[Collected data entries]
lemma binomial_square_unique_solution:
  fixes x y :: "nat \<Rightarrow> nat"
  assumes lower: "\<And>i. i \<le> k \<Longrightarrow> x i + y i = (k choose i) * (Suc k choose i)"
    and upper: "\<And>i. i \<le> k \<Longrightarrow> x i + y (Suc i) = (k choose i) * (Suc k choose Suc i)"
    and "y 0 = 0" "i \<le> k"
  shows "x i = (k choose i)\<^sup>2"
  using \<open>i \<le> k\<close>
proof (induction i)
  case 0
  then show ?case
    using lower[of 0] \<open>y 0 = 0\<close> by simp
next
  case (Suc i)
  then have "x i + y (Suc i) = (k choose i) * ((k choose i) + (k choose Suc i))"
    using upper[of i] by simp
  then have "y (Suc i) = (k choose i) * (k choose Suc i)"
    using Suc by (simp add: power2_eq_square algebra_simps)
  then show ?case
    using lower[of "Suc i"] Suc.prems by (simp add: power2_eq_square algebra_simps)
qed

theorem corollary2:
  fixes k l :: nat
  assumes "l \<le> k"
  shows "S_total k k l = (k choose l)^2"
proof (cases "k = 0")
  case True
  then have "dyck_paths k = {[]}"
    by (auto simp: dyck_paths_def)
  then show ?thesis
    using True assms by (simp add: S_total_def S_path_def)
next
  case False
  have "S_total k (Suc k) 0 = 0"
    using S_total_symmetric[of "Suc k" "Suc k" k] S_total_eq_0_if_less[of k "Suc k"] by simp
  then show ?thesis
    using binomial_square_unique_solution[of k "S_total k k" "S_total k (Suc k)" l]
      S_total_half_windows False assms by simp
qed

end
lemma kappa_le_conn_of_subsets: "S \<subseteq> Z \<Longrightarrow> Z \<subseteq> E - T \<Longrightarrow> kappa E r S T \<le> conn E r Z"
  by (rule kappa_le_conn[OF finite_ground])

lemma min_sep_iff_conn_le:
  "min_sep Z \<longleftrightarrow> S \<subseteq> Z \<and> Z \<subseteq> E - T \<and> conn E r Z \<le> kappa E r S T"
  unfolding min_sep_def using kappa_le_conn_of_subsets[of Z] le_antisym by fastforce

lemma
  assumes "min_sep A" "min_sep B"
  shows min_sep_Un: "min_sep (A \<union> B)" and min_sep_Int: "min_sep (A \<inter> B)"
proof -
  have subsets: "S \<subseteq> A \<union> B" "A \<union> B \<subseteq> E - T" "S \<subseteq> A \<inter> B" "A \<inter> B \<subseteq> E - T"
    and conn_eq: "conn E r A = kappa E r S T" "conn E r B = kappa E r S T"
    using assms unfolding min_sep_def by auto
  then have "A \<subseteq> E" "B \<subseteq> E" by auto
  then have "conn E r (A \<union> B) + conn E r (A \<inter> B) \<le> conn E r A + conn E r B"
    by (rule conn_submod)
  moreover have "kappa E r S T \<le> conn E r (A \<union> B)" "kappa E r S T \<le> conn E r (A \<inter> B)"
    using subsets by (simp_all add: kappa_le_conn_of_subsets)
  ultimately have "conn E r (A \<union> B) = kappa E r S T" "conn E r (A \<inter> B) = kappa E r S T"
    unfolding conn_eq by linarith+
  with subsets show "min_sep (A \<union> B)" "min_sep (A \<inter> B)" unfolding min_sep_def by simp_all
qed

lemma min_sep_Union: "finite \<A> \<Longrightarrow> \<A> \<noteq> {} \<Longrightarrow> \<forall>Z\<in>\<A>. min_sep Z \<Longrightarrow> min_sep (\<Union>\<A>)"
proof (induction \<A> rule: finite_ne_induct)
  case (insert Z \<A>)
  then show ?case by (simp add: min_sep_Un)
qed simp

lemma min_sep_Inter: "finite \<A> \<Longrightarrow> \<A> \<noteq> {} \<Longrightarrow> \<forall>Z\<in>\<A>. min_sep Z \<Longrightarrow> min_sep (\<Inter>\<A>)"
proof (induction \<A> rule: finite_ne_induct)
  case (insert Z \<A>)
  then show ?case by (simp add: min_sep_Int)
qed simp

lemma not_flexible_obtains:
  assumes f: "f \<in> E - (S \<union> T)" and "\<not> flexible E r S T f"
  obtains X where "min_sep X" "f \<notin> X" "min_sep (insert f X)"
proof -
  have fE: "f \<in> E" using f by blast
  obtain X where "S \<subseteq> X" "insert f X \<subseteq> E - T" "f \<notin> X"
    "conn E r X \<le> kappa E r S T" "conn E r (insert f X) \<le> kappa E r S T"
  proof (cases "deletable E r S T f")
    case False
    then have neq: "kappa (E - {f}) r S T \<noteq> kappa E r S T" unfolding deletable_def .
    show ?thesis
      by (rule kappa_minor_neq_obtains[OF finite_ground S_subset_diff_T f _ _ _ neq that])
        (use fE in \<open>auto intro: conn_delete_le conn_le_conn_delete_Suc
            conn_insert_le_conn_delete_Suc\<close>)
  next
    case True
    with assms(2) have neq: "kappa (E - {f}) (contract_rank r f) S T \<noteq> kappa E r S T"
      unfolding flexible_def contractible_def by blast
    show ?thesis
      by (rule kappa_minor_neq_obtains[OF finite_ground S_subset_diff_T f _ _ _ neq that])
        (use fE in \<open>auto intro: conn_contract_le conn_le_conn_contract_Suc
            conn_insert_le_conn_contract_Suc\<close>)
  qed
  then have sep: "min_sep X" "min_sep (insert f X)" unfolding min_sep_iff_conn_le by auto
  show ?thesis by (rule that[OF sep(1) \<open>f \<notin> X\<close> sep(2)])
qed

definition least_min_sep :: "'a \<Rightarrow> 'a set" where
  "least_min_sep f = \<Inter>{Z. min_sep Z \<and> f \<in> Z}"

lemma mem_least_min_sep: "f \<in> least_min_sep f"
  unfolding least_min_sep_def by blast

lemma least_min_sep_subset: "min_sep Z \<Longrightarrow> f \<in> Z \<Longrightarrow> least_min_sep f \<subseteq> Z"
  unfolding least_min_sep_def by blast

context
  fixes f assumes f: "f \<in> E - (S \<union> T)" and not_flexible: "\<not> flexible E r S T f"
begin

lemma min_sep_least_min_sep: "min_sep (least_min_sep f)"
proof -
  obtain X where "min_sep (insert f X)" using not_flexible_obtains[OF f not_flexible] .
  then have "{Z. min_sep Z \<and> f \<in> Z} \<noteq> {}" by blast
  moreover have "finite {Z. min_sep Z \<and> f \<in> Z}"
    by (rule finite_subset[of _ "Pow E"]) (use finite_ground in \<open>auto simp: min_sep_def\<close>)
  ultimately show ?thesis unfolding least_min_sep_def by (intro min_sep_Inter) auto
qed

text \<open>The least member containing \<open>f\<close> lies inside \<open>X + f\<close>, so removing \<open>f\<close> from it
  amounts to intersecting with \<open>X\<close>.\<close>

lemma min_sep_least_min_sep_remove: "min_sep (least_min_sep f - {f})"
proof -
  obtain X where X: "min_sep X" "f \<notin> X" "min_sep (insert f X)"
    using not_flexible_obtains[OF f not_flexible] .
  then have "least_min_sep f - {f} = least_min_sep f \<inter> X"
    using least_min_sep_subset[OF X(3)] by blast
  then show ?thesis using min_sep_Int[OF min_sep_least_min_sep X(1)] by simp
qed

lemma least_min_sep_psubset:
  assumes "g \<in> least_min_sep f" "g \<noteq> f"
  shows "least_min_sep g \<subset> least_min_sep f"
  using least_min_sep_subset[OF min_sep_least_min_sep_remove] assms mem_least_min_sep[of f] by blast

end

lemma exists_dependency_sorted_listing:
  assumes "F \<subseteq> E - (S \<union> T)" "\<forall>e\<in>F. \<not> flexible E r S T e"
  obtains fs where "distinct fs" "set fs = F" "dependency_sorted least_min_sep fs"
proof (rule exists_dependency_sorted_list)
  show "finite F" using assms(1) finite_ground finite_subset by blast
  show "finite (least_min_sep f)" if "f \<in> F" for f
    using min_sep_least_min_sep assms that finite_ground finite_subset unfolding min_sep_def by blast
  show "least_min_sep g \<subset> least_min_sep f" if "f \<in> F" "g \<in> least_min_sep f" "g \<noteq> f" for f g
    using least_min_sep_psubset assms that by blast
qed (rule that)

context
  fixes xs assumes xs: "\<forall>x \<in> set xs. x \<in> E - (S \<union> T) \<and> \<not> flexible E r S T x"
begin

lemma min_sep_prefix_union:
  assumes "0 < n" "n \<le> length xs"
  shows "min_sep (prefix_union least_min_sep xs n)"
  unfolding prefix_union_def
proof (rule min_sep_Union)
  show "least_min_sep ` set (take n xs) \<noteq> {}" using assms by (cases xs) auto
  show "\<forall>Z \<in> least_min_sep ` set (take n xs). min_sep Z"
    using xs in_set_takeD min_sep_least_min_sep by fast
qed simp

[Work instructions]
Copy exactly. The range runs from the line containing "(cases xs) auto" through the last line of the data.

[Expected answer]
  show "least_min_sep ` set (take n xs) \<noteq> {}" using assms by (cases xs) auto
  show "\<forall>Z \<in> least_min_sep ` set (take n xs). min_sep Z"
    using xs in_set_takeD min_sep_least_min_sep by fast
qed simp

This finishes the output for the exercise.